Loss of BAP1 has been linked to UM metastasis, it is still unclear how BAP1-loss in UM contributes to metastasis [17]. To gain insight into this, we analyzed scRNA-seq data from 19 UM tissues, including primary and metastatic UM tissues with and without abnormal BAP1. Malignant cells in BAP1-MUT UM significantly showed upregulation of metastasis-related pathways, including angiogenesis, cell adhesion, ECM, and hypoxia-related pathways (i.e., response to hypoxia and oxygen level variation). We also observed a receptor-ligand pair (ITGB2-ICAM1) between terminally exhausted CD8+ T cells and tumor cells. To further investigate the role of ITGB2-ICAM1 in promoting UM metastasis, we generated an immune competent humanized-mouse liver metastasis model.
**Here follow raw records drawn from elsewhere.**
lemma value_fn_deficit_bounds:
  fixes K :: "'s::finite \<Rightarrow> 'a \<Rightarrow> 's pmf"
  assumes g: "0 < g" "g < 1" and gB: "0 < gammaB g" "gammaB g < 1"
    and bscc: "is_bscc (mc_graph (induced_mc K pol)) C" and s: "s \<in> C" "s \<in> B"
  defines "Q \<equiv> induced_mc K pol"
  shows "0 \<le> 1 - value_fn K B gammaB pol g s \<and>
    1 - value_fn K B gammaB pol g s
      \<le> real (card (mc_graph Q)) / min_trans_prob Q ^ card (mc_graph Q) * ((1 - g) / (1 - gammaB g))"
proof -
  define gB where "gB = gammaB g"
  define Gm where "Gm = Gamma_B B g gB"
  define R where "R = R_B B gB"
  have Gm: "0 \<le> Gm t" "Gm t \<le> max g gB" for t
    using g gB by (simp_all add: Gm_def gB_def Gamma_B_def)
  have R: "0 \<le> R t" "R t \<le> 1" for t
    using gB by (simp_all add: R_def gB_def R_B_def)
  have c: "max g gB < 1"
    using g gB by (simp add: gB_def)
  define v where "v t = (\<Sum>i. (discounted_step Gm Q ^^ i) R t)" for t
  have value_eq: "value_fn K B gammaB pol g s = v s"
    using integral_mc_paths_discounted_sum[OF Gm c R, of Q s]
    by (simp add: value_fn_def G_ret_def v_def Q_def Gm_def R_def gB_def)
  have bellman: "v t = R t + Gm t * (\<Sum>u\<in>UNIV. pmf (Q t) u * v u)" for t
    unfolding v_def by (rule discounted_step_series_bellman[OF Gm c R])
  have v_le_1: "v t \<le> 1" for t
    by (rule bellman_solution_le_1[OF bellman])
      (use g gB in \<open>auto simp: Gm_def R_def gB_def Gamma_B_def R_B_def\<close>)
  note deficit = bellman_deficit_le[OF bellman[unfolded Gm_def R_def] v_le_1]
  have "1 - v s \<le> real (card (mc_graph Q)) * (1 - g) / (min_trans_prob Q ^ card (mc_graph Q) * (1 - gB))"
    by (rule bscc_deficit_le[OF _ deficit(1) deficit(2) _ _ _ bscc[folded Q_def] s])
      (use v_le_1 g gB in \<open>simp_all add: gB_def\<close>)
  then show ?thesis
    using v_le_1[of s] by (simp add: value_eq gB_def)
qed

theorem lemma3:
  fixes K :: "'s::finite \<Rightarrow> 'a::finite \<Rightarrow> 's pmf"
    and enabled :: "'s \<Rightarrow> 'a set"
    and B :: "'s set"
    and gammaB :: "real \<Rightarrow> real"
    and pol :: "'s \<Rightarrow> 'a"
    and s :: 's
  assumes enabled_nonempty: "\<And>t. enabled t \<noteq> {}"
    and gammaB_range: "\<And>g. 0 < g \<Longrightarrow> g < 1 \<Longrightarrow> 0 < gammaB g \<and> gammaB g < 1"
    and gammaB_lim: "((\<lambda>g. (1 - g) / (1 - gammaB g)) \<longlongrightarrow> 0) (at_left 1)"
    and pi_policy: "\<And>t. pol t \<in> enabled t"
    and s_in: "s \<in> B_pi K pol B"
  shows "((\<lambda>g. value_fn K B gammaB pol g s) \<longlongrightarrow> 1) (at_left 1)"
proof -
  define Q where "Q = induced_mc K pol"
  define c where "c = real (card (mc_graph Q)) / min_trans_prob Q ^ card (mc_graph Q)"
  obtain C where bscc: "is_bscc (mc_graph Q) C" and s: "s \<in> C" "s \<in> B"
    using s_in by (auto simp: B_pi_def Q_def)
  have "\<forall>\<^sub>F g in at_left 1. 0 < g \<and> g < (1::real)"
    using eventually_at_left_real[of 0 1] by simp
  then have bounds: "\<forall>\<^sub>F g in at_left 1. 0 \<le> 1 - value_fn K B gammaB pol g s \<and>
      1 - value_fn K B gammaB pol g s \<le> c * ((1 - g) / (1 - gammaB g))"
    by (rule eventually_mono)
      (use value_fn_deficit_bounds[OF _ _ _ _ bscc[unfolded Q_def] s] gammaB_range in \<open>auto simp: c_def Q_def\<close>)
  have "((\<lambda>g. 1 - value_fn K B gammaB pol g s) \<longlongrightarrow> 0) (at_left 1)"
    by (rule tendsto_sandwich[OF _ _ tendsto_const tendsto_mult_right_zero[OF gammaB_lim]])
      (use bounds in \<open>auto elim: eventually_mono\<close>)
  then have "((\<lambda>g. 1 - (1 - value_fn K B gammaB pol g s)) \<longlongrightarrow> 1 - 0) (at_left 1)"
    by (intro tendsto_diff tendsto_const)
  then show ?thesis
    by simp
qed

end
Our findings revealed that blocking either ICAM1 or ITGB2 effectively inhibited UM metastasis, which may be attributed to reduced hypoxia- and ECM- related signals.
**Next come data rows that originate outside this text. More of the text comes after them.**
lemma Bv_downward_closed:
  assumes "Z \<in> Bv E b v" "\<And>e. 0 \<le> W e" "W \<le> Z"
  shows "W \<in> Bv E b v"
proof (rule BvI)
  fix e
  show "e \<notin> Ev E v \<Longrightarrow> W e = 0"
    using assms(2)[of e] le_funD[OF assms(3), of e] Bv_zero[OF assms(1), of e] by simp
  show "e \<in> Ev E v \<Longrightarrow> W e \<le> b e"
    using le_funD[OF assms(3), of e] Bv_le_capacity[OF assms(1), of e] by simp
qed (fact assms(2))

lemma vnorm_Bv: "z \<in> Bv E b v \<Longrightarrow> vnorm E v z = sum z (Ev E v)"
  unfolding vnorm_def by (intro sum.cong) (simp_all add: Bv_nonneg)

lemma add_unitv_in_Bv_iff:
  assumes "z \<in> Bv E b v"
  shows "z + unitv e \<in> Bv E b v \<longleftrightarrow> e \<in> Ev E v \<and> z e + 1 \<le> b e"
proof
  assume sum_in: "z + unitv e \<in> Bv E b v"
  have "e \<in> Ev E v"
    using Bv_zero[OF sum_in, of e] Bv_zero[OF assms, of e] by (force simp: unitv_def)
  with Bv_le_capacity[OF sum_in this] show "e \<in> Ev E v \<and> z e + 1 \<le> b e"
    by (simp add: unitv_def)
next
  assume "e \<in> Ev E v \<and> z e + 1 \<le> b e"
  then show "z + unitv e \<in> Bv E b v"
    by (intro BvI)
      (auto simp: unitv_def Bv_zero[OF assms] Bv_le_capacity[OF assms] Bv_nonneg[OF assms])
qed

lemma add_indicator_in_Bv:
  assumes "z \<in> Bv E b v" "\<forall>a\<in>A. z + unitv a \<in> Bv E b v"
  shows "z + indicator A \<in> Bv E b v"
  using assms add_unitv_in_Bv_iff[OF assms(1)]
  by (intro BvI)
    (auto simp: indicator_def Bv_zero[OF assms(1)] Bv_le_capacity[OF assms(1)] Bv_nonneg[OF assms(1)])

lemma interesting_z_add_unitv_in_Bv:
  assumes "z \<in> Bv E b v" "interesting_z E b C v z e"
  shows "z + unitv e \<in> Bv E b v"
proof -
  obtain z' where "z' \<in> Bv E b v" "z e < z' e" and e: "e \<in> Ev E v"
    using assms(2) unfolding interesting_z_def by blast
  then have "z e + 1 \<le> b e" using Bv_le_capacity[of z' E b v e] by simp
  with e show ?thesis using add_unitv_in_Bv_iff[OF assms(1)] by blast
qed

locale choice_model =
  fixes E :: "('w,'f) edge set" and b :: "('w,'f) vec"
    and C :: "('w,'f) vtx \<Rightarrow> ('w,'f) vec \<Rightarrow> ('w,'f) vec"
  assumes gm_model: "gm_model E b C"
begin

lemma finite_Ev: "finite (Ev E v)"
  using gm_model unfolding gm_model_def Ev_def by simp

lemma choice_in_Bv: "z \<in> Bv E b v \<Longrightarrow> C v z \<in> Bv E b v"
  using gm_model unfolding gm_model_def by blast

lemma choice_le: "z \<in> Bv E b v \<Longrightarrow> C v z \<le> z"
  using gm_model unfolding gm_model_def by blast

lemma choice_consistent:
  "z \<in> Bv E b v \<Longrightarrow> z' \<in> Bv E b v \<Longrightarrow> z' \<le> z \<Longrightarrow> C v z \<le> z' \<Longrightarrow> C v z' = C v z"
  using gm_model unfolding gm_model_def by blast

lemma choice_substitutable:
  "z \<in> Bv E b v \<Longrightarrow> z' \<in> Bv E b v \<Longrightarrow> z' \<le> z \<Longrightarrow> inf (C v z) z' \<le> C v z'"
  using gm_model unfolding gm_model_def by blast
lemma tendsto_measure_erode_along:
  assumes K: "compact K" "convex K"
  shows "(\<lambda>j. measure lebesgue (erode_along u (1 / real (Suc j)) K)) \<longlonglongrightarrow> measure lebesgue K"
proof -
  let ?A = "\<lambda>j. erode_along u (1 / real (Suc j)) K"
  have union_sub: "(\<Union>j. ?A j) \<subseteq> K"
    by (intro UN_least erode_along_subset) simp
  have interior_sub: "interior K \<subseteq> (\<Union>j. ?A j)"
  proof
    fix z assume "z \<in> interior K"
    then obtain e where e: "0 < e" "ball z e \<subseteq> K"
      unfolding mem_interior by blast
    obtain j where j: "1 / real (Suc j) < e"
      using nat_approx_posE[OF e(1)] by blast
    have "z + t *\<^sub>R u \<in> K" if t: "t \<in> {- (1 / real (Suc j))..1 / real (Suc j)}" for t
    proof -
      have "dist z (z + t *\<^sub>R u) = \<bar>t\<bar>"
        using unit by (simp add: dist_norm)
      also have "\<dots> < e"
        using t j by (auto simp: abs_le_iff)
      finally show ?thesis
        using e(2) mem_ball by blast
    qed
    then have "z \<in> ?A j"
      by (simp add: erode_along_def)
    then show "z \<in> (\<Union>j. ?A j)" by blast
  qed
  have lm: "?A j \<in> lmeasurable" for j
    using lmeasurable_compact[OF compact_erode_along[OF K(1)]] by simp
  then have union_sets: "(\<Union>j. ?A j) \<in> sets lebesgue"
    by (intro sets.countable_UN) auto
  have K_lm: "K \<in> lmeasurable"
    using lmeasurable_compact[OF K(1)] .
  have "measure lebesgue K = measure lebesgue (interior K)"
    using measure_interior[OF compact_imp_bounded[OF K(1)] negligible_convex_frontier[OF K(2)]] ..
  also have "\<dots> \<le> measure lebesgue (\<Union>j. ?A j)"
    by (rule measure_mono_fmeasurable[OF interior_sub])
      (use union_sets union_sub K_lm in \<open>auto intro: fmeasurableI2 sets_borel_imp_sets_lebesgue\<close>)
  finally have "measure lebesgue (\<Union>j. ?A j) = measure lebesgue K"
    using measure_mono_fmeasurable[OF union_sub union_sets K_lm] by linarith
  moreover have "(\<lambda>j. measure lebesgue (?A j)) \<longlonglongrightarrow> measure lebesgue (\<Union>j. ?A j)"
  proof (rule Lim_measure_incseq)
    show "range ?A \<subseteq> sets lebesgue"
      using lm by auto
    show "incseq ?A"
      by (intro monoI erode_along_antimono frac_le) auto
    show "emeasure lebesgue (\<Union>j. ?A j) \<noteq> \<infinity>"
      using fmeasurableD2[OF fmeasurableI2[OF K_lm union_sub union_sets]]
      by (metis infinity_ennreal_def)
  qed
  ultimately show ?thesis by simp
qed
Tumor metastasis can be categorized into four stages, including infiltration, circulation, extravasation, and colonization [37]. Tumor colonization is facilitated by the adhesion of cancer cells to the ECM and to each other, which allow them to acquire increased viability, proliferative capacity, stemness and build supportive niche [38]. The ECM serves as a scaffold for tumor growth and amplifies carcinogenic signals [39]. Previous studies have indicated that ECM remodeling promoted UM liver colonization [37, 40]. Hypoxic UM tumors have been associated with aggressive phenotypes, an increased risk of tumor metastasis and unfavorable clinical outcomes [41]. Furthermore, BAP1 somatic point mutations were enriched in hypoxic UM tumors, whereas in normoxic UM tumors more EIF1AX and SF3B1 mutations were observed [41]. Glycolysis has also been reported as a risk factor for worse OS in UM patients [42].

5 Conclusions

This study suggests that activation of ITGB2-ICAM1 axis plays a crucial role in promoting metastasis in BAP1-mutated UM. These findings could aid in the development of new therapeutics aimed at reducing UM metastasis. To support the clinical application of ITGB2 and ICAM1 antagonists, the safety must be tested in vivo, including evaluating their toxicology, metabolism and impact on immune evasion or activation.